# [THE TASK]
Would you please copy every line from the records that contains the word "definition"?

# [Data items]
lemma nd_norm_of_colour: "k \<in> nd_colours n \<Longrightarrow> nd_norm n (int k) = k"
  by (simp add: nd_norm_of_nat nd_colours_def)

definition nd_vertex :: "nat \<Rightarrow> int \<Rightarrow> nat" where
  "nd_vertex n z = nat (z mod nd_modulus n)"

lemma finite_nd_vertices [simp]: "finite (nd_vertices n)"
  by (simp add: nd_vertices_def)

lemma finite_nd_colours [simp]: "finite (nd_colours n)"
  by (simp add: nd_colours_def)

lemma nd_vertex_in_vertices [simp]: "nd_vertex n z \<in> nd_vertices n"
  using pos_mod_bound[of "nd_modulus n" z] by (simp add: nd_vertex_def nd_vertices_def)

lemma int_nd_vertex_cong: "[int (nd_vertex n z) = z] (mod nd_modulus n)"
  by (simp add: nd_vertex_def cong_def)

lemma nd_vertex_eq_iff: "nd_vertex n a = nd_vertex n b \<longleftrightarrow> [a = b] (mod nd_modulus n)"
  by (simp add: nd_vertex_def cong_def nat_eq_iff)

lemma nd_vertex_int: "v \<in> nd_vertices n \<Longrightarrow> nd_vertex n (int v) = v"
  by (simp add: nd_vertex_def nd_vertices_def)

lemma eq_nd_vertex_iff:
  "v \<in> nd_vertices n \<Longrightarrow> v = nd_vertex n z \<longleftrightarrow> [int v = z] (mod nd_modulus n)"
  using nd_vertex_eq_iff[of n "int v" z] by (simp add: nd_vertex_int)

lemma nd_colour_nd_vertex: "nd_colour n (nd_vertex n a) (nd_vertex n b) = nd_norm n (a - b)"
  unfolding nd_colour_eq_nd_norm
  by (intro nd_norm_cong cong_diff int_nd_vertex_cong)

lemma nd_colour_commute: "nd_colour n u v = nd_colour n v u"
  unfolding nd_colour_eq_nd_norm by (metis nd_norm_uminus minus_diff_eq)

lemma nd_colour_self [simp]: "nd_colour n v v = 0"
  by (simp add: nd_colour_eq_nd_norm nd_norm_of_nat[of 0, simplified])

lemma nd_colour_in_colours:
  assumes "u \<in> nd_vertices n" "v \<in> nd_vertices n" "u \<noteq> v"
  shows "nd_colour n u v \<in> nd_colours n"
proof -
  have "\<not> [int u - int v = 0] (mod nd_modulus n)"
    using assms eq_nd_vertex_iff[of u n "int v"] nd_vertex_int[of v n] by (simp add: cong_diff_iff_cong_0)
  then show ?thesis
    using nd_norm_le[of n "int u - int v"]
    by (auto simp: nd_colour_eq_nd_norm nd_colours_def nd_norm_eq_0_iff[symmetric])
qed

lemma cong_double_mult_inverse: "[2 * (a * (int n + 1)) = a] (mod nd_modulus n)"
proof -
  have "2 * (a * (int n + 1)) - a = nd_modulus n * a" by (simp add: algebra_simps)
  then show ?thesis by (simp add: cong_iff_dvd_diff)
qed

(* n + 1 is the inverse of 2 modulo 2n + 1. *)
definition nd_midpoint :: "nat \<Rightarrow> nat \<Rightarrow> nat \<Rightarrow> nat" where
  "nd_midpoint n u w = nd_vertex n ((int u + int w) * (int n + 1))"

lemma nd_colour_eq_imp_midpoint:
  assumes "u \<in> nd_vertices n" "v \<in> nd_vertices n" "w \<in> nd_vertices n"
    and "nd_colour n u v = nd_colour n v w"
  shows "u = w \<or> v = nd_midpoint n u w"
proof -
  have "[int u - int v = int v - int w] (mod nd_modulus n) \<or>
        [int u - int v = - (int v - int w)] (mod nd_modulus n)"
    using assms(4) by (simp add: nd_colour_eq_nd_norm nd_norm_eq_iff)
  then show ?thesis
  proof
    assume "[int u - int v = int v - int w] (mod nd_modulus n)"
    then have "[2 * int v = int u + int w] (mod nd_modulus n)"
      unfolding cong_iff_dvd_diff by (simp add: dvd_diff_commute algebra_simps)
    then have "[2 * int v * (int n + 1) = (int u + int w) * (int n + 1)] (mod nd_modulus n)"
      by (rule cong_mult[OF _ cong_refl])
    then have "[2 * (int v * (int n + 1)) = (int u + int w) * (int n + 1)] (mod nd_modulus n)"
      by (simp only: mult.assoc)
    then have "[int v = (int u + int w) * (int n + 1)] (mod nd_modulus n)"
      using cong_double_mult_inverse[of "int v" n] by (metis cong_sym cong_trans)
    then show ?thesis
      using assms(2) by (simp add: nd_midpoint_def eq_nd_vertex_iff)
  next
    assume "[int u - int v = - (int v - int w)] (mod nd_modulus n)"
    then have "[int u = int w] (mod nd_modulus n)"
      unfolding cong_iff_dvd_diff by simp
    then show ?thesis
      using assms(1,3) by (metis eq_nd_vertex_iff nd_vertex_int)
  qed
qed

# [RESPONSE AREA]
definition nd_vertex :: "nat \<Rightarrow> int \<Rightarrow> nat" where
definition nd_midpoint :: "nat \<Rightarrow> nat \<Rightarrow> nat \<Rightarrow> nat" where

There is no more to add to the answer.